— Ну вот и славненько, — в голосе говорившего послышалось явное облегчение. — Теперь поступим следующим образом: оставь на столе все оружие, какое у тебя есть, открой дверь, отойди на три шага и ляг на пол лицом вниз, руки на затылок. И лучше тебе даже не дышать, когда мои бойцы войдут в кабинет, иначе они могут принять это за попытку сопротивления и всадят в тебя весь боезапас, который принесли с собой. Они предупреждены о твоих скрытых талантах и видели беднягу Бурляя, так что…

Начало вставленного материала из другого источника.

(* For every permutation $w$ of $\{1,\ldots,n\}$, $$\mathrm{wt}(w)=\prod_{(\alpha,\beta)}\frac{N(\alpha,\beta)}{D(\alpha,\beta)},$$ where the product runs over all ordered pairs of node labels $(\alpha,\beta)$ of the tree $T(w^{-1})$ such that $\alpha$ lies in the left subtree of the node $\beta$.
   Context: Work in $\mathbb{Q}(x_1,x_2,\ldots)$ with the field endomorphism $F$ given by $F(x_i)=x_{i+1}$. Define $[n]:=x_1+\cdots+x_n$, $[0]!:=1$, $[n]!:=[n]\cdot F([n-1]!)=\prod_{j=0}^{n-1}F^j[n-j]$. For a $k$-element set $S=\{i_1>\cdots>i_k\}$ of positive integers, $\mathrm{wt}(S):=\frac{\prod_{j=1}^k F^{i_j-1}[j]}{[k]!}$ ($\mathrm{wt}(\emptyset)=1$). For a permutation $w=(w_1,\ldots,w_n)$ in one-line notation, $\mathrm{wt}(w)$ is defined recursively: the empty permutation has weight $1$; otherwise let $k:=w_1-1$, $S(w):=\{i:w_i\le k\}$, $a$ the permutation of $\{1,\ldots,k\}$ listing the values $w_i\le k$ in order of increasing $i$, and $\hat b$ the permutation of $\{1,\ldots,n-k-1\}$ listing the values $w_i-k-1$ for $w_i>k+1$ in order of increasing $i$; then $\mathrm{wt}(w):=\mathrm{wt}(S(w))\,\mathrm{wt}(a)\,F^{k+1}(\mathrm{wt}(\hat b))$. For a word $v=v_1\cdots v_m$ with distinct letters, its increasing binary tree $T(v)$ is defined recursively: empty if $m=0$; otherwise, if $v_j$ is the smallest letter, $T(v)$ has root labelled $v_j$, left subtree $T(v_1\cdots v_{j-1})$ and right subtree $T(v_{j+1}\cdots v_m)$. Here $w^{-1}$ is the word $w^{-1}(1)w^{-1}(2)\cdots w^{-1}(n)$. For node labels $\alpha,\beta$ of $T(w^{-1})$ with $\alpha$ in the left subtree of $\beta$, let $\ell=\ell(\alpha,\beta)$ be the number of nodes in the left subtree of $\beta$ with label $\geq\alpha$, and $r=r(\alpha,\beta)$ the number of nodes in the right subtree of $\beta$ with label $<\alpha$. Define $D(\alpha,\beta):=x_{w(\beta)-1}+x_{w(\beta)-2}+\cdots+x_{w(\beta)-\ell}=F^{w(\beta)-\ell-1}[\ell]$ and $N(\alpha,\beta):=F^{r+1}(D(\alpha,\beta))=F^{w(\beta)+r-\ell}[\ell]$. *)

theory Defs
  imports Complex_Main "HOL-Library.Tree"
begin

text \<open>Elements of Q(x_1,x_2,...) are represented by their evaluation maps
  (nat => real) => real on the positive orthant; x 0 is unused, variables are x 1, x 2, ...\<close>

type_synonym rfun = "(nat \<Rightarrow> real) \<Rightarrow> real"

definition Fpow :: "nat \<Rightarrow> rfun \<Rightarrow> rfun" where
  "Fpow k f = (\<lambda>x. f (\<lambda>i. x (i + k)))"

definition brk :: "nat \<Rightarrow> rfun" where
  "brk n = (\<lambda>x. \<Sum>i=1..n. x i)"

definition brkfact :: "nat \<Rightarrow> rfun" where
  "brkfact n = (\<lambda>x. \<Prod>j<n. Fpow j (brk (n - j)) x)"

definition wtS :: "nat set \<Rightarrow> rfun" where
  "wtS S = (let k = card S; L = rev (sorted_list_of_set S) in
     (\<lambda>x. (\<Prod>j=1..k. Fpow (L ! (j - 1) - 1) (brk j) x) / brkfact k x))"

text \<open>wt(w) for a permutation in one-line notation (list w_1 ... w_n)\<close>
fun wt :: "nat list \<Rightarrow> rfun" where
  "wt [] = (\<lambda>x. 1)"
| "wt (v # r) =
     (let w = v # r; k = v - 1;
          S = {i. 1 \<le> i \<and> i \<le> length w \<and> w ! (i - 1) \<le> k};
          a = filter (\<lambda>u. u \<le> k) r;
          bh = map (\<lambda>u. u - k - 1) (filter (\<lambda>u. u > k + 1) r)
      in (\<lambda>x. wtS S x * wt a x * Fpow (k + 1) (wt bh) x))"

definition inv_word :: "nat list \<Rightarrow> nat list" where
  "inv_word w = map (\<lambda>j. (LEAST i. i < length w \<and> w ! i = j) + 1) [1..<length w + 1]"

function incr_tree :: "nat list \<Rightarrow> nat tree" where
  "incr_tree v = (if v = [] then Leaf else
     (let m = Min (set v) in
       Node (incr_tree (takeWhile (\<lambda>a. a \<noteq> m) v)) m
            (incr_tree (tl (dropWhile (\<lambda>a. a \<noteq> m) v)))))"
  by pat_completeness auto
termination
proof (relation "measure length")
  fix v :: "nat list" and m
  assume "v \<noteq> []" "m = Min (set v)"
  then have mv: "m \<in> set v" by simp
  show "(takeWhile (\<lambda>a. a \<noteq> m) v, v) \<in> measure length"
    using mv by (induction v) auto
  show "(tl (dropWhile (\<lambda>a. a \<noteq> m) v), v) \<in> measure length"
    using mv by (induction v) auto
qed auto

text \<open>For alpha in the left subtree l of the node beta (right subtree r) of T(w^{-1}):
  ell = #{gamma in l. gamma >= alpha}, rr = #{gamma in r. gamma < alpha},
  D = F^{w(beta)-ell-1}[ell], N = F^{w(beta)+rr-ell}[ell].\<close>
definition ell :: "nat tree \<Rightarrow> nat \<Rightarrow> nat" where
  "ell l \<alpha> = card {\<gamma> \<in> set_tree l. \<gamma> \<ge> \<alpha>}"

definition rr :: "nat tree \<Rightarrow> nat \<Rightarrow> nat" where
  "rr r \<alpha> = card {\<gamma> \<in> set_tree r. \<gamma> < \<alpha>}"

definition Dfac :: "nat list \<Rightarrow> nat tree \<Rightarrow> nat \<Rightarrow> nat \<Rightarrow> rfun" where
  "Dfac w l \<beta> \<alpha> = Fpow (w ! (\<beta> - 1) - ell l \<alpha> - 1) (brk (ell l \<alpha>))"

definition Nfac :: "nat list \<Rightarrow> nat tree \<Rightarrow> nat \<Rightarrow> nat tree \<Rightarrow> nat \<Rightarrow> rfun" where
  "Nfac w l \<beta> r \<alpha> = Fpow (w ! (\<beta> - 1) + rr r \<alpha> - ell l \<alpha>) (brk (ell l \<alpha>))"

end

theory Submission
  imports Defs
begin

text \<open>For w = v \<cdot> rest, the inverse word is
  w^{-1} = L \<cdot> 1 \<cdot> R, where L (resp. R) lists the positions of the letters smaller
  (resp. larger) than v, so T(w^{-1}) has root 1 with subtrees T(L) and T(R). Ranking positions
  within L (resp. R) is an order isomorphism onto T(a^{-1}) (resp. T(b-hat^{-1})) for the
  standardised subwords a and b-hat of wt's recursion, and the values w(\<beta>) transform accordingly,
  up to the shift by v = k + 1 that turns into F^{k+1}. To make this relabelling an induction
  invariant, the products N/D are taken over trees with arbitrary node values in place of
  w(\<beta>). At the root, the left subtree carries S(w), and for \<alpha> \<in> S(w) the three
  parts S(w), R, {1} of {1..n} give N/D = F^{\<alpha>-1}[\<ell>] / F^{k-\<ell>}[\<ell>] with \<ell> the
  number of elements of S(w) that are \<ge> \<alpha>; these are exactly the factors of wt(S(w)).\<close>

declare incr_tree.simps [simp del] upt_Suc [simp del]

— Я все сделаю. А можно вопрос?
Вместо ответа он положил трубку, из чего я сделала вывод, что вопросы теперь буду задавать не я… Вздохнув, я бросила пистолет на стол, подошла к двери, открыла замок, отошла ровно на три шага и улеглась лицом вниз на ковер, сцепив пальцы на затылке и закрыв глаза — смотреть на то, что здесь будет происходить, мне вовсе не хотелось. Сколько себя помню, у меня еще не было никогда так скверно на душе… Набрав в легкие побольше воздуха, я крикнула:
— Входите же, черт бы вас побрал!
Дверь тут же распахнулась от пинка, в комнату, лязгая оружием, вбежали какие-то люди, окружили меня со всех сторон, держась при этом на расстоянии, а затем я услышала звук передергиваемого затвора. Раздался глухой выстрел, я почувствовала острую боль под правой лопаткой и почти сразу же сознание затуманилось, и меня стремительно понесло в пугающую непроницаемым мраком холодную пропасть…
Глава 7
Очнулась я в белой смирительной рубашке. Вокруг меня были белые стены, белый потолок и белые занавески на окнах с белыми рамами. Я лежала на кровати с белой простыней, и под головой у меня была жесткая подушка с белой наволочкой. Все вокруг было белым, красивым и опрятным. Только вот на душе было черным-черно. Сомнения, угрызения совести и злость на саму себя переполняли меня всю без остатка, и хотелось умереть, только бы не чувствовать себя такой беззащитной и во всем виноватой. Опять попалась, опять подставила самых близких людей! Да когда уже меня жизнь научит быть осторожной и предугадывать события хотя бы на полшага вперед?! Сколько можно вляпываться по собственной глупости в неприятности, а потом выбираться из них, жертвуя, как правило, жизнями тех, кто хотел мне зла? Так ведь скоро на земле вообще только половина населения останется, если учесть, что каждый второй сейчас преступник. Нет, нужно будет сказать боссу, чтобы научил меня думать, чтобы поделился своими мозгами и сделал меня хоть чуточку умнее. Иначе сама пропаду и его погублю.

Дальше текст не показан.